## Action item
Transcribe the entries that follow, word for word.

[Saved data entries]
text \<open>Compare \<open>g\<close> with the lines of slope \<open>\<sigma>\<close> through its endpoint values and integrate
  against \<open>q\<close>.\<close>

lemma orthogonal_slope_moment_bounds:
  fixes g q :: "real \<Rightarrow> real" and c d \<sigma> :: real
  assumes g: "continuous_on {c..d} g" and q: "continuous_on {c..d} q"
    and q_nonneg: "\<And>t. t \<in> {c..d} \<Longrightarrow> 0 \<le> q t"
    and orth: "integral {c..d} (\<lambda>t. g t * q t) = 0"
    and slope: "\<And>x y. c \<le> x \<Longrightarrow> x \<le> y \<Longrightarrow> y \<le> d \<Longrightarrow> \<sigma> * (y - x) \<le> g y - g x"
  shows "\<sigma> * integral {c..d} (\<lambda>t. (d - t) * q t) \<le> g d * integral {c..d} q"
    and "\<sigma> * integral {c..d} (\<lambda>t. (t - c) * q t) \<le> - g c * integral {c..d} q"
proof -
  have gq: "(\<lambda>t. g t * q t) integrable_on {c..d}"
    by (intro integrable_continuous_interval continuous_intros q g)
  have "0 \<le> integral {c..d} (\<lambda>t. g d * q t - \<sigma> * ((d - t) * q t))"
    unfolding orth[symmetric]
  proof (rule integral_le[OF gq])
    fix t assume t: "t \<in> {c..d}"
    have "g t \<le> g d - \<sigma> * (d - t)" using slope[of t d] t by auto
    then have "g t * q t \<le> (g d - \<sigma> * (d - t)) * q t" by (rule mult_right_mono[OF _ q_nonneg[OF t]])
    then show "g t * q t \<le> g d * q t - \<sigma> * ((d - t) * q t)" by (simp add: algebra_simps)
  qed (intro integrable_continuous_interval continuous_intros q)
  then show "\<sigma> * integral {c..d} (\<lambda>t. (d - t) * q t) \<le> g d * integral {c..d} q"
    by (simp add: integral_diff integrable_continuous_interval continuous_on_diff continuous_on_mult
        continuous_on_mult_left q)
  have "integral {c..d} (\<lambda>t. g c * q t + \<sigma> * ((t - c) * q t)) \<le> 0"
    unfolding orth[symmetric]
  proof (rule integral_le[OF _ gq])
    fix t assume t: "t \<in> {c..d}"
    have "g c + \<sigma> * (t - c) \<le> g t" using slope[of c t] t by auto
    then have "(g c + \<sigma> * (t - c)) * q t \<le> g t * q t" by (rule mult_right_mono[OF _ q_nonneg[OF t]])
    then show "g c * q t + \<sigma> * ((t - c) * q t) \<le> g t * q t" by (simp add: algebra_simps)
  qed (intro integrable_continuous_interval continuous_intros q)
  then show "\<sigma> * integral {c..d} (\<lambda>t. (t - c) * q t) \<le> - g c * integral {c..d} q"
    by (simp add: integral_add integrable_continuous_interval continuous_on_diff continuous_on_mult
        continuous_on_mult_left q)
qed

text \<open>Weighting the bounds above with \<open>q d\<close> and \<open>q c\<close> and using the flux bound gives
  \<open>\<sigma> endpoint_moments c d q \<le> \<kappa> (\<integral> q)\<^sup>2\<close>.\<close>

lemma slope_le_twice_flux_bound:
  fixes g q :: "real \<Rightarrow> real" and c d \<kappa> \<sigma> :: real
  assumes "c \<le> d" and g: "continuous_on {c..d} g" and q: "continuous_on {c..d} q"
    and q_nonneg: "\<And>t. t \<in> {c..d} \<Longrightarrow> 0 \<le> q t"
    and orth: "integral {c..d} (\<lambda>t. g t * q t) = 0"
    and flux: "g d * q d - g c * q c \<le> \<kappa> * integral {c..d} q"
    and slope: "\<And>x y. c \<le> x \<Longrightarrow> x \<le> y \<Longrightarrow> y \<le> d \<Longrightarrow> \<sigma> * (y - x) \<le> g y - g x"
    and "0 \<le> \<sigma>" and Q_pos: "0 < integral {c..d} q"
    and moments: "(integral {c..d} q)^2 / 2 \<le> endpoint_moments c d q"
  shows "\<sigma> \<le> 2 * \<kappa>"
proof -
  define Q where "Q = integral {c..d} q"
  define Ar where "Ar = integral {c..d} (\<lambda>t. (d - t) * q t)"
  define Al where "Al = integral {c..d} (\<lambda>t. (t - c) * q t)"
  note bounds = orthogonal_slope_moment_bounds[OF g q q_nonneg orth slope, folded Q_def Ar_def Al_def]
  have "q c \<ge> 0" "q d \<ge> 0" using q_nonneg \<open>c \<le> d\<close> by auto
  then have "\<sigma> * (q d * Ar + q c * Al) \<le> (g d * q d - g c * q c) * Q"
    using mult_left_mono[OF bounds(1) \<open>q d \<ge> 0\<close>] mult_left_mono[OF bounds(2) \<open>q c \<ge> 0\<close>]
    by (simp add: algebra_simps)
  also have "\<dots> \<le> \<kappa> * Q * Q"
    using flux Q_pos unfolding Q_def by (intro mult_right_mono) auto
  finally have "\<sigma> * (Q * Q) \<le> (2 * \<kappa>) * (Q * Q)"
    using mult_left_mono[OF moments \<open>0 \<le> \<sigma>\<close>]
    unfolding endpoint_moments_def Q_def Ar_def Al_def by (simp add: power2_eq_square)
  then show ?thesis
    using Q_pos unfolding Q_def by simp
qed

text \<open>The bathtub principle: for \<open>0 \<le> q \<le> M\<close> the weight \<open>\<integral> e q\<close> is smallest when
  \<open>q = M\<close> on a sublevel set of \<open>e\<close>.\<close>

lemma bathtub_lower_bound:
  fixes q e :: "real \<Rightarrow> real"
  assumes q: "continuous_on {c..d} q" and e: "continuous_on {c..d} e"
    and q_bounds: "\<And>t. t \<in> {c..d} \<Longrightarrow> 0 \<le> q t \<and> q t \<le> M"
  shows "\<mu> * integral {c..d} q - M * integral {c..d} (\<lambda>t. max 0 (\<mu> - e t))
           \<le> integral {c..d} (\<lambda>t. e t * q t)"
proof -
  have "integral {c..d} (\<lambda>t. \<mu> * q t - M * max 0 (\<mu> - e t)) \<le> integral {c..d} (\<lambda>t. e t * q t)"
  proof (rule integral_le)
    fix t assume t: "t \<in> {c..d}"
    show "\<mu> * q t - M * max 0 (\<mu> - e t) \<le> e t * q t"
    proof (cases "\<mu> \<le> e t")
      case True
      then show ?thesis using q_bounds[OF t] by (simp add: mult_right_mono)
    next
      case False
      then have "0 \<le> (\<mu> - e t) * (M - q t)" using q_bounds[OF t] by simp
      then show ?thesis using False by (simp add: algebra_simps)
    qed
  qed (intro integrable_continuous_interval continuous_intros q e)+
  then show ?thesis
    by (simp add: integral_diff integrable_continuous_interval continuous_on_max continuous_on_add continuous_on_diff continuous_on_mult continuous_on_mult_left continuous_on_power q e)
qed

## Answer space
text \<open>Compare \<open>g\<close> with the lines of slope \<open>\<sigma>\<close> through its endpoint values and integrate
  against \<open>q\<close>.\<close>

lemma orthogonal_slope_moment_bounds:
  fixes g q :: "real \<Rightarrow> real" and c d \<sigma> :: real
  assumes g: "continuous_on {c..d} g" and q: "continuous_on {c..d} q"
    and q_nonneg: "\<And>t. t \<in> {c..d} \<Longrightarrow> 0 \<le> q t"
    and orth: "integral {c..d} (\<lambda>t. g t * q t) = 0"
    and slope: "\<And>x y. c \<le> x \<Longrightarrow> x \<le> y \<Longrightarrow> y \<le> d \<Longrightarrow> \<sigma> * (y - x) \<le> g y - g x"
  shows "\<sigma> * integral {c..d} (\<lambda>t. (d - t) * q t) \<le> g d * integral {c..d} q"
    and "\<sigma> * integral {c..d} (\<lambda>t. (t - c) * q t) \<le> - g c * integral {c..d} q"
proof -
  have gq: "(\<lambda>t. g t * q t) integrable_on {c..d}"
    by (intro integrable_continuous_interval continuous_intros q g)
  have "0 \<le> integral {c..d} (\<lambda>t. g d * q t - \<sigma> * ((d - t) * q t))"
    unfolding orth[symmetric]
  proof (rule integral_le[OF gq])
    fix t assume t: "t \<in> {c..d}"
    have "g t \<le> g d - \<sigma> * (d - t)" using slope[of t d] t by auto
    then have "g t * q t \<le> (g d - \<sigma> * (d - t)) * q t" by (rule mult_right_mono[OF _ q_nonneg[OF t]])
    then show "g t * q t \<le> g d * q t - \<sigma> * ((d - t) * q t)" by (simp add: algebra_simps)
  qed (intro integrable_continuous_interval continuous_intros q)
  then show "\<sigma> * integral {c..d} (\<lambda>t. (d - t) * q t) \<le> g d * integral {c..d} q"
    by (simp add: integral_diff integrable_continuous_interval continuous_on_diff continuous_on_mult
        continuous_on_mult_left q)
  have "integral {c..d} (\<lambda>t. g c * q t + \<sigma> * ((t - c) * q t)) \<le> 0"
    unfolding orth[symmetric]
  proof (rule integral_le[OF _ gq])
    fix t assume t: "t \<in> {c..d}"
    have "g c + \<sigma> * (t - c) \<le> g t" using slope[of c t] t by auto
    then have "(g c + \<sigma> * (t - c)) * q t \<le> g t * q t" by (rule mult_right_mono[OF _ q_nonneg[OF t]])
    then show "g c * q t + \<sigma> * ((t - c) * q t) \<le> g t * q t" by (simp add: algebra_simps)
  qed (intro integrable_continuous_interval continuous_intros q)
  then show "\<sigma> * integral {c..d} (\<lambda>t. (t - c) * q t) \<le> - g c * integral {c..d} q"
    by (simp add: integral_add integrable_continuous_interval continuous_on_diff continuous_on_mult
        continuous_on_mult_left q)
qed

text \<open>Weighting the bounds above with \<open>q d\<close> and \<open>q c\<close> and using the flux bound gives
  \<open>\<sigma> endpoint_moments c d q \<le> \<kappa> (\<integral> q)\<^sup>2\<close>.\<close>

lemma slope_le_twice_flux_bound:
  fixes g q :: "real \<Rightarrow> real" and c d \<kappa> \<sigma> :: real
  assumes "c \<le> d" and g: "continuous_on {c..d} g" and q: "continuous_on {c..d} q"
    and q_nonneg: "\<And>t. t \<in> {c..d} \<Longrightarrow> 0 \<le> q t"
    and orth: "integral {c..d} (\<lambda>t. g t * q t) = 0"
    and flux: "g d * q d - g c * q c \<le> \<kappa> * integral {c..d} q"
    and slope: "\<And>x y. c \<le> x \<Longrightarrow> x \<le> y \<Longrightarrow> y \<le> d \<Longrightarrow> \<sigma> * (y - x) \<le> g y - g x"
    and "0 \<le> \<sigma>" and Q_pos: "0 < integral {c..d} q"
    and moments: "(integral {c..d} q)^2 / 2 \<le> endpoint_moments c d q"
  shows "\<sigma> \<le> 2 * \<kappa>"
proof -
  define Q where "Q = integral {c..d} q"
  define Ar where "Ar = integral {c..d} (\<lambda>t. (d - t) * q t)"
  define Al where "Al = integral {c..d} (\<lambda>t. (t - c) * q t)"
  note bounds = orthogonal_slope_moment_bounds[OF g q q_nonneg orth slope, folded Q_def Ar_def Al_def]
  have "q c \<ge> 0" "q d \<ge> 0" using q_nonneg \<open>c \<le> d\<close> by auto
  then have "\<sigma> * (q d * Ar + q c * Al) \<le> (g d * q d - g c * q c) * Q"
    using mult_left_mono[OF bounds(1) \<open>q d \<ge> 0\<close>] mult_left_mono[OF bounds(2) \<open>q c \<ge> 0\<close>]
    by (simp add: algebra_simps)
  also have "\<dots> \<le> \<kappa> * Q * Q"
    using flux Q_pos unfolding Q_def by (intro mult_right_mono) auto
  finally have "\<sigma> * (Q * Q) \<le> (2 * \<kappa>) * (Q * Q)"
    using mult_left_mono[OF moments \<open>0 \<le> \<sigma>\<close>]
    unfolding endpoint_moments_def Q_def Ar_def Al_def by (simp add: power2_eq_square)
  then show ?thesis
    using Q_pos unfolding Q_def by simp
qed

text \<open>The bathtub principle: for \<open>0 \<le> q \<le> M\<close> the weight \<open>\<integral> e q\<close> is smallest when
  \<open>q = M\<close> on a sublevel set of \<open>e\<close>.\<close>

lemma bathtub_lower_bound:
  fixes q e :: "real \<Rightarrow> real"
  assumes q: "continuous_on {c..d} q" and e: "continuous_on {c..d} e"
    and q_bounds: "\<And>t. t \<in> {c..d} \<Longrightarrow> 0 \<le> q t \<and> q t \<le> M"
  shows "\<mu> * integral {c..d} q - M * integral {c..d} (\<lambda>t. max 0 (\<mu> - e t))
           \<le> integral {c..d} (\<lambda>t. e t * q t)"
proof -
  have "integral {c..d} (\<lambda>t. \<mu> * q t - M * max 0 (\<mu> - e t)) \<le> integral {c..d} (\<lambda>t. e t * q t)"
  proof (rule integral_le)
    fix t assume t: "t \<in> {c..d}"
    show "\<mu> * q t - M * max 0 (\<mu> - e t) \<le> e t * q t"
    proof (cases "\<mu> \<le> e t")
      case True
      then show ?thesis using q_bounds[OF t] by (simp add: mult_right_mono)
    next
      case False
      then have "0 \<le> (\<mu> - e t) * (M - q t)" using q_bounds[OF t] by simp
      then show ?thesis using False by (simp add: algebra_simps)
    qed
  qed (intro integrable_continuous_interval continuous_intros q e)+
  then show ?thesis
    by (simp add: integral_diff integrable_continuous_interval continuous_on_max continuous_on_add continuous_on_diff continuous_on_mult continuous_on_mult_left continuous_on_power q e)
qed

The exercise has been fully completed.